Were he to have been insistent on the two hundred rubles, we still cannot be sure what he meant. It’s unlikely he wanted them for himself, since he was about to pass away; more likely, he wanted that amount donated to charity, to benefit his soul. Or, possibly, that that amount should go to his heirs (he had a living father).

Netziv does not explain further, but I think he means the woman should give that sum to charity and to her former father in law, just in case the deceased did want that to be a condition. He does say there’s no way this condition interferes with our certainty she’s divorced, because once a man gives a woman a get, whatever conditions he intended to last beyond the act definitely need all the legal niceties of a tenai, a condition.  

The rabbi can rest easy the widow is a divorcee, permitted to remarry without chalitzah.

A Woman Who Leaves the Religion, and Her Marriage

That same day (not just the same date, as I usually do when I have two responsa in one day), 16 Av 5636 (1876), 130 miles away, Shu”t R. Yitzchak Elchanan 124 responded to R. Naftali Amsterdam’s question regarding a woman who had left Judaism and then returned.  Either her new husband or the rabbi who had allowed her to marry her current husband claimed the act of leaving Judaism broke all her existing bonds and commitments, so she did not need a divorce from the man to whom she had been married before.  

No other rabbis accepted the idea, but the man refused to accept their perspective unless he was shown an explicit Talmudic statement to that effect. R. Spektor bemoans a world in which a Jew allows himself to take such a position [it’s not his place to doubt rabbinic authorities nor to tell them what sources he is willing to accept as proof].

In this case, it’s also silly, because a plethora of such sources prove the point. He mentions Sanhedrin 44a, which tells us a Jew remains a Jew despite his/her sins [so converting out has less halachic meaning than this man wanted to attach to it], and Yevamot 47b, which validates the kiddushin of someone who has left the religion [so his halachic acts still count].
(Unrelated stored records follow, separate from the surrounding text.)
(* The alpha-communal triples are exactly the combinations of the generators: inverting
   the unimodular matrix gives a = g2 + g3 - g1, b = g1 - 2 g2 + g3, c = g1 + g2 - 4 g3,
   and these are nonnegative precisely under the communality inequalities. *)
lemma communal_alpha_iff_generated:
  "communal (1/2, 1/3, 1/5) g \<longleftrightarrow> g \<in> range generated"
proof (cases g)
  case (fields g1 g2 g3)
  show ?thesis
  proof
    assume "communal (1/2, 1/3, 1/5) g"
    then have "g = generated (nat (g2 + g3 - g1), nat (g1 - 2 * g2 + g3), nat (g1 + g2 - 4 * g3))"
      by (auto simp: fields communal_alpha_iff generated_def)
    then show "g \<in> range generated" by blast
  qed (auto simp: fields communal_alpha_iff generated_def)
qed

lemma communal_count_alpha_denumerant:
  "communal_count (1/2, 1/3, 1/5) n = card {(a, b, c). 15 * a + 10 * b + 6 * c = n}"
proof -
  have "{(g1, g2, g3). communal (1/2, 1/3, 1/5) (g1, g2, g3) \<and> g1 + g2 + g3 = int n}
          = generated ` {(a, b, c). 15 * a + 10 * b + 6 * c = n}"
  proof (rule set_eqI)
    fix x :: "int \<times> int \<times> int"
    obtain g1 g2 g3 where x: "x = (g1, g2, g3)" by (cases x)
    show "x \<in> {(g1, g2, g3). communal (1/2, 1/3, 1/5) (g1, g2, g3) \<and> g1 + g2 + g3 = int n}
            \<longleftrightarrow> x \<in> generated ` {(a, b, c). 15 * a + 10 * b + 6 * c = n}"
    proof
      assume "x \<in> {(g1, g2, g3). communal (1/2, 1/3, 1/5) (g1, g2, g3) \<and> g1 + g2 + g3 = int n}"
      then obtain a b c where gen: "generated (a, b, c) = (g1, g2, g3)" and "g1 + g2 + g3 = int n"
        by (auto simp: x communal_alpha_iff_generated)
      then have "15 * a + 10 * b + 6 * c = n" using sum_generated[OF gen] by simp
      then show "x \<in> generated ` {(a, b, c). 15 * a + 10 * b + 6 * c = n}"
        using gen by (auto simp: x intro: rev_image_eqI[of "(a, b, c)"])
    next
      assume "x \<in> generated ` {(a, b, c). 15 * a + 10 * b + 6 * c = n}"
      then obtain a b c where gen: "generated (a, b, c) = (g1, g2, g3)" and "15 * a + 10 * b + 6 * c = n"
        by (auto simp: x)
      moreover have "(g1, g2, g3) \<in> range generated" using gen by (metis rangeI)
      ultimately show "x \<in> {(g1, g2, g3). communal (1/2, 1/3, 1/5) (g1, g2, g3) \<and> g1 + g2 + g3 = int n}"
        using sum_generated[OF gen] by (simp add: x communal_alpha_iff_generated)
    qed
  qed
  then show ?thesis
    unfolding communal_count_def by (simp add: card_image inj_on_subset[OF inj_generated])
qed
Rashi attributes Yevamot’s rule to the impossibility of shucking one’s Jewish status. Once we know someone who left observance can create kiddushin, there’s no way the leaving would abrogate an existing kiddushin.

Finally, the first Mishnah in Kiddushin lists the ways a woman can exit a marriage, which the Gemara sees as a complete list (and apostasy is not on the list; here, though, the counterargument would be to say the list was complete regarding halachically acceptable ways to end a marriage, not all effective ones). R. Spektor says he’s not going to bother to offer other proofs, since the principle is said clearly in too many places (he does point to Shulchan Aruch Yoreh De’ah 159;2, which prohibits borrowing at interest from an apostate—Shulchan Aruch does allow lending such a Jew at interest, but Rema disagrees, and it’s likely a kenas, a fine, on the apostate, rather than a claim that s/he no longer counts as Jewish).

The responsum takes up one more issue, how to write a certain man’s name in a get, but this is as far as he goes with the topic that links his responsum to the one Netzivwrote that same day, how we do or do not end marriages in complicated situations.